The reason for the exception is that the size of the unsigned integral type used by the container to represent its own property size happened to be greater than the size of type
unsigned int
in the environment where the program was compiled and run. So when string source had not been found in string
s
in statement
unsigned int pos = s.find( source );
the value returned by the method find of
std::string
was reduced using the arithmetic modulo 2 operation to fit
pos
. And then in the statement
if ( pos != std::string::npos )
it was again enlarged to the size of the type of
std::string::npos
according to the rules of the usual arithmetic conversions by setting the most significant bits to zeroes. As a result the condition in the
if
statement was evaluated to
true
and the incorrect value of
pos
was used further in method
replace
.
The exception could be avoided and the program would be portable if the programmer were to use the common form of address
std::string::size_type
in the declaration of variable
pos
instead of the type
unsigned int
.
std::string::size_type pos = s.find( source );
Or it would be even better to write simply
auto pos = s.find( source );
When you deal with containers or sequences of data directly or through iterators, one of the most important and useful pieces of information is about the value type of elements of the container or sequence. Without having such information, it is difficult to write generic and safe code. You should provide the common form of address
value_type
so that code can access the elements.

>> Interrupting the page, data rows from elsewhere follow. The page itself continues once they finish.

(* Let $\widehat{\Gamma}$ be a Harnack graph with controlled, uniformly lazy weights $(\pi,\mu)$. Let $K$ be a set of vertices of $\widehat{\Gamma}$ and $\Gamma:=\widehat{\Gamma}\setminus K$ (so $\partial\Gamma\subseteq K$). For $x\in\widehat{\Gamma}$ and $r>0$ set $B_{\partial\Gamma}(x,r)=B_{\widehat\Gamma}(x,r)\cap\partial\Gamma$, $V_{\partial\Gamma}(x,r)=\pi(B_{\partial\Gamma}(x,r))$, and for $x\in\Gamma$ set \[W(x,r):=\frac{V_{\widehat\Gamma}(x,r)}{V_{\partial\Gamma}(x,r)}.\] Then there is a constant $C$ such that, with $d_x:=d(x,K)$, \[\psi_K(x)\le \sum_{n\ge d_x^2}\frac{C}{W(x,\sqrt n)}\qquad\text{for all } x\in\Gamma\setminus\partial_I\Gamma.\]
   Context: $\widehat{\Gamma}=(\widehat V,\widehat E)$ is an infinite simple connected graph with symmetric edge weights $\mu_{xy}=\mu_{yx}$, $\mu_{xy}\ne0$ iff $x\sim y$, vertex weights $\pi>0$ with $\sum_{y\sim x}\mu_{xy}\le\pi(x)$; Markov kernel $\mathcal{K}(x,y)=\mu_{xy}/\pi(x)$ ($x\neq y$), $\mathcal{K}(x,x)=1-\sum_{z\sim x}\mu_{xz}/\pi(x)$. Controlled weights: $\exists C_c>1$ with $\mu_{xy}/\pi(x)\ge1/C_c$ for all $y\sim x$. Uniformly lazy: $\exists C_e\in(0,1)$ with $\mathcal{K}(x,x)\ge C_e$ for all $x$. $d$ is the graph distance of $\widehat\Gamma$, $B_{\widehat\Gamma}(x,r)=\{y:d(x,y)\le r\}$, $V_{\widehat\Gamma}(x,r)=\pi(B_{\widehat\Gamma}(x,r))$. The heat kernel is $p(n,x,y)=\mathcal{K}^n(x,y)/\pi(y)$. $\widehat\Gamma$ is a Harnack graph if there are constants $c_1,c_2,c_3,c_4>0$ with $\frac{c_1}{V(x,\sqrt n)}e^{-d(x,y)^2/(c_2n)}\le p(n,x,y)\le\frac{c_3}{V(x,\sqrt n)}e^{-d(x,y)^2/(c_4 n)}$ for all $x,y$ and $n\ge d(x,y)$ (equivalently, volume doubling plus a Poincaré inequality). $\Gamma$ is the subgraph induced on $\widehat V\setminus K$; $\partial\Gamma$ is the set of vertices outside $\Gamma$ adjacent to $\Gamma$, and $\partial_I\Gamma$ the set of vertices of $\Gamma$ adjacent to a vertex outside $\Gamma$. $\psi_K(x)=\mathbb{P}^x(\tau_K<\infty)$ where $\tau_K=\min\{n\ge0:X_n\in K\}$ for the random walk $(X_n)$ driven by $\mathcal{K}$. When $V_{\partial\Gamma}(x,r)=0$, $1/W(x,r)=0$. *)

theory Defs
  imports "HOL-Analysis.Analysis"
begin

definition adj :: "('a \<Rightarrow> 'a \<Rightarrow> real) \<Rightarrow> 'a \<Rightarrow> 'a \<Rightarrow> bool" where
  "adj \<mu> x y \<longleftrightarrow> x \<noteq> y \<and> \<mu> x y \<noteq> 0"

definition nbrs :: "('a \<Rightarrow> 'a \<Rightarrow> real) \<Rightarrow> 'a \<Rightarrow> 'a set" where
  "nbrs \<mu> x = {y. adj \<mu> x y}"

definition adjrel :: "('a \<Rightarrow> 'a \<Rightarrow> real) \<Rightarrow> ('a \<times> 'a) set" where
  "adjrel \<mu> = {(x, y). adj \<mu> x y}"

text \<open>Infinite simple connected graph with symmetric edge weights and positive vertex weights,
  with sum over neighbours of mu x y at most pi x (stated for every finite set of neighbours,
  which does not presuppose local finiteness).\<close>
definition weighted_graph :: "('a \<Rightarrow> 'a \<Rightarrow> real) \<Rightarrow> ('a \<Rightarrow> real) \<Rightarrow> bool" where
  "weighted_graph \<mu> \<pi> \<longleftrightarrow>
     infinite (UNIV :: 'a set) \<and>
     (\<forall>x y. \<mu> x y = \<mu> y x) \<and>
     (\<forall>x. \<mu> x x = 0) \<and>
     (\<forall>x. \<pi> x > 0) \<and>
     (\<forall>x F. finite F \<longrightarrow> F \<subseteq> nbrs \<mu> x \<longrightarrow> (\<Sum>y\<in>F. \<mu> x y) \<le> \<pi> x) \<and>
     (\<forall>x y. (x, y) \<in> (adjrel \<mu>)\<^sup>*)"

definition kernel :: "('a \<Rightarrow> 'a \<Rightarrow> real) \<Rightarrow> ('a \<Rightarrow> real) \<Rightarrow> 'a \<Rightarrow> 'a \<Rightarrow> real" where
  "kernel \<mu> \<pi> x y =
     (if x = y then 1 - (\<Sum>z\<in>nbrs \<mu> x. \<mu> x z) / \<pi> x else \<mu> x y / \<pi> x)"

primrec kpow :: "('a \<Rightarrow> 'a \<Rightarrow> real) \<Rightarrow> ('a \<Rightarrow> real) \<Rightarrow> nat \<Rightarrow> 'a \<Rightarrow> 'a \<Rightarrow> real" where
  "kpow \<mu> \<pi> 0 x y = (if x = y then 1 else 0)"
| "kpow \<mu> \<pi> (Suc n) x y = (\<Sum>z\<in>insert x (nbrs \<mu> x). kernel \<mu> \<pi> x z * kpow \<mu> \<pi> n z y)"

definition heat_kernel :: "('a \<Rightarrow> 'a \<Rightarrow> real) \<Rightarrow> ('a \<Rightarrow> real) \<Rightarrow> nat \<Rightarrow> 'a \<Rightarrow> 'a \<Rightarrow> real" where
  "heat_kernel \<mu> \<pi> n x y = kpow \<mu> \<pi> n x y / \<pi> y"

definition gdist :: "('a \<Rightarrow> 'a \<Rightarrow> real) \<Rightarrow> 'a \<Rightarrow> 'a \<Rightarrow> nat" where
  "gdist \<mu> x y = (LEAST n. (x, y) \<in> adjrel \<mu> ^^ n)"

definition gball :: "('a \<Rightarrow> 'a \<Rightarrow> real) \<Rightarrow> 'a \<Rightarrow> real \<Rightarrow> 'a set" where
  "gball \<mu> x r = {y. real (gdist \<mu> x y) \<le> r}"

definition vol :: "('a \<Rightarrow> 'a \<Rightarrow> real) \<Rightarrow> ('a \<Rightarrow> real) \<Rightarrow> 'a \<Rightarrow> real \<Rightarrow> real" where
  "vol \<mu> \<pi> x r = (\<Sum>y\<in>gball \<mu> x r. \<pi> y)"

definition harnack :: "('a \<Rightarrow> 'a \<Rightarrow> real) \<Rightarrow> ('a \<Rightarrow> real) \<Rightarrow> bool" where
  "harnack \<mu> \<pi> \<longleftrightarrow> (\<exists>c1 c2 c3 c4. c1 > 0 \<and> c2 > 0 \<and> c3 > 0 \<and> c4 > 0 \<and>
     (\<forall>x y n. gdist \<mu> x y \<le> n \<longrightarrow>
        c1 / vol \<mu> \<pi> x (sqrt (real n)) * exp (- (real (gdist \<mu> x y))\<^sup>2 / (c2 * real n))
          \<le> heat_kernel \<mu> \<pi> n x y \<and>
        heat_kernel \<mu> \<pi> n x y
          \<le> c3 / vol \<mu> \<pi> x (sqrt (real n)) * exp (- (real (gdist \<mu> x y))\<^sup>2 / (c4 * real n))))"

definition controlled :: "('a \<Rightarrow> 'a \<Rightarrow> real) \<Rightarrow> ('a \<Rightarrow> real) \<Rightarrow> bool" where
  "controlled \<mu> \<pi> \<longleftrightarrow> (\<exists>Cc > 1. \<forall>x y. adj \<mu> x y \<longrightarrow> \<mu> x y / \<pi> x \<ge> 1 / Cc)"

definition uniformly_lazy :: "('a \<Rightarrow> 'a \<Rightarrow> real) \<Rightarrow> ('a \<Rightarrow> real) \<Rightarrow> bool" where
  "uniformly_lazy \<mu> \<pi> \<longleftrightarrow> (\<exists>Ce. 0 < Ce \<and> Ce < 1 \<and> (\<forall>x. kernel \<mu> \<pi> x x \<ge> Ce))"

text \<open>Gamma = UNIV - K. Outer boundary: vertices outside Gamma adjacent to Gamma.
  Inner boundary: vertices of Gamma adjacent to a vertex outside Gamma.\<close>
definition outer_boundary :: "('a \<Rightarrow> 'a \<Rightarrow> real) \<Rightarrow> 'a set \<Rightarrow> 'a set" where
  "outer_boundary \<mu> K = {v. v \<in> K \<and> (\<exists>u. u \<notin> K \<and> adj \<mu> u v)}"

definition inner_boundary :: "('a \<Rightarrow> 'a \<Rightarrow> real) \<Rightarrow> 'a set \<Rightarrow> 'a set" where
  "inner_boundary \<mu> K = {u. u \<notin> K \<and> (\<exists>v. v \<in> K \<and> adj \<mu> u v)}"

definition bvol :: "('a \<Rightarrow> 'a \<Rightarrow> real) \<Rightarrow> ('a \<Rightarrow> real) \<Rightarrow> 'a set \<Rightarrow> 'a \<Rightarrow> real \<Rightarrow> real" where
  "bvol \<mu> \<pi> K x r = (\<Sum>y\<in>gball \<mu> x r \<inter> outer_boundary \<mu> K. \<pi> y)"

text \<open>hit_within n x = P^x(tau_K \<le> n) for the walk driven by the kernel (Markov property recursion).\<close>
primrec hit_within :: "('a \<Rightarrow> 'a \<Rightarrow> real) \<Rightarrow> ('a \<Rightarrow> real) \<Rightarrow> 'a set \<Rightarrow> nat \<Rightarrow> 'a \<Rightarrow> real" where
  "hit_within \<mu> \<pi> K 0 x = (if x \<in> K then 1 else 0)"
| "hit_within \<mu> \<pi> K (Suc n) x =
     (if x \<in> K then 1 else (\<Sum>y\<in>insert x (nbrs \<mu> x). kernel \<mu> \<pi> x y * hit_within \<mu> \<pi> K n y))"

text \<open>psi_K(x) = P^x(tau_K < infinity) = sup_n P^x(tau_K \<le> n).\<close>
definition hitting_prob :: "('a \<Rightarrow> 'a \<Rightarrow> real) \<Rightarrow> ('a \<Rightarrow> real) \<Rightarrow> 'a set \<Rightarrow> 'a \<Rightarrow> real" where
  "hitting_prob \<mu> \<pi> K x = (SUP n. hit_within \<mu> \<pi> K n x)"

definition set_dist :: "('a \<Rightarrow> 'a \<Rightarrow> real) \<Rightarrow> 'a \<Rightarrow> 'a set \<Rightarrow> nat" where
  "set_dist \<mu> x K = (INF k\<in>K. gdist \<mu> x k)"

end

theory Submission
  imports Defs "HOL-Real_Asymp.Real_Asymp"
begin

text \<open>Before entering K the walk has to stand on the outer boundary, so a union bound over that
  time gives psi_K(x) \<le> sum over m and boundary points z of p(m, x, z) pi(z). By the Gaussian upper
  bound the contribution of z is at most a constant times the sum over m \<ge> d(x, z) of
  exp (- d(x, z)^2 / (c m)) / V(x, sqrt m). Times m \<ge> d(x, z)^2 contribute at most 1 / V(x, sqrt m).
  The shorter times are handled by volume doubling, which follows from the Gaussian lower bound:
  together they contribute at most a constant multiple of the sum of 1 / V(x, sqrt m) over
  d(x, z)^2 \<le> m < 4 d(x, z)^2. Exchanging the sums over z and m collects pi(z) over the boundary
  points with d(x, z) \<le> sqrt m, which is V_\<partial>\<Gamma>(x, sqrt m).\<close>

lemma power_mult_exp_neg_pow2_bounded:
  fixes D a :: real
  assumes "D > 0" "a > 0"
  shows "\<exists>B>0. \<forall>k::nat. D ^ k * exp (- (a * 2 ^ k)) \<le> B"
proof -
  have "(\<lambda>k::nat. exp (real k * ln D - a * 2 ^ k)) \<longlonglongrightarrow> 0"
    using \<open>a > 0\<close> by real_asymp
  then have "Bseq (\<lambda>k::nat. exp (real k * ln D - a * 2 ^ k))"
    by (intro convergent_imp_Bseq convergentI)
  then obtain B where "B > 0" "\<And>k::nat. exp (real k * ln D - a * 2 ^ k) \<le> B"
    by (auto simp: Bseq_def)
  moreover have "D ^ k * exp (- (a * 2 ^ k)) = exp (real k * ln D - a * 2 ^ k)" for k :: nat
    using \<open>D > 0\<close> by (simp add: exp_diff exp_of_nat_mult exp_minus field_simps)
  ultimately show ?thesis
    by metis
qed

Otherwise you will be helpless and will be unable to write generic template code.
That’s exactly what happened for our
iterator_pair
. Both of the iterator adapters (
std::back_insert_iterator
and
std::front_insert_iterator
) hide the actual value of the common form of address
value_type
of the underlaying containers from the user, making the property value type itself inaccessible.
If you look at how the iterators are defined [
ISO/IEC
] you will see that the second template argument of the inherited base class
std::iterator
that corresponds to the common form of address
value_type
is set to
void
. (See Listing 7.)
template <class Container> class back_insert_iterator : public iterator<output_iterator_tag,void,void,void,void> { //... }; template <class Container> class front_insert_iterator : public iterator<output_iterator_tag,void,void,void,void> { //... }; |
Listing 7 |
Thus when the property value type of iterator adapter
iterator_pair
that in turn is defined like
pair < typename iterator_traits<Iterator1>::value_type, typename iterator_traits<Iterator2>::value_type >
was instantiated then the compiler issued an error because it cannot instantiate
std::pair
with data members of type
void
.
These two iterators look like black holes. If a container finds itself in a constructor of the iterators then it instantly loses without a trace its main property, the value type.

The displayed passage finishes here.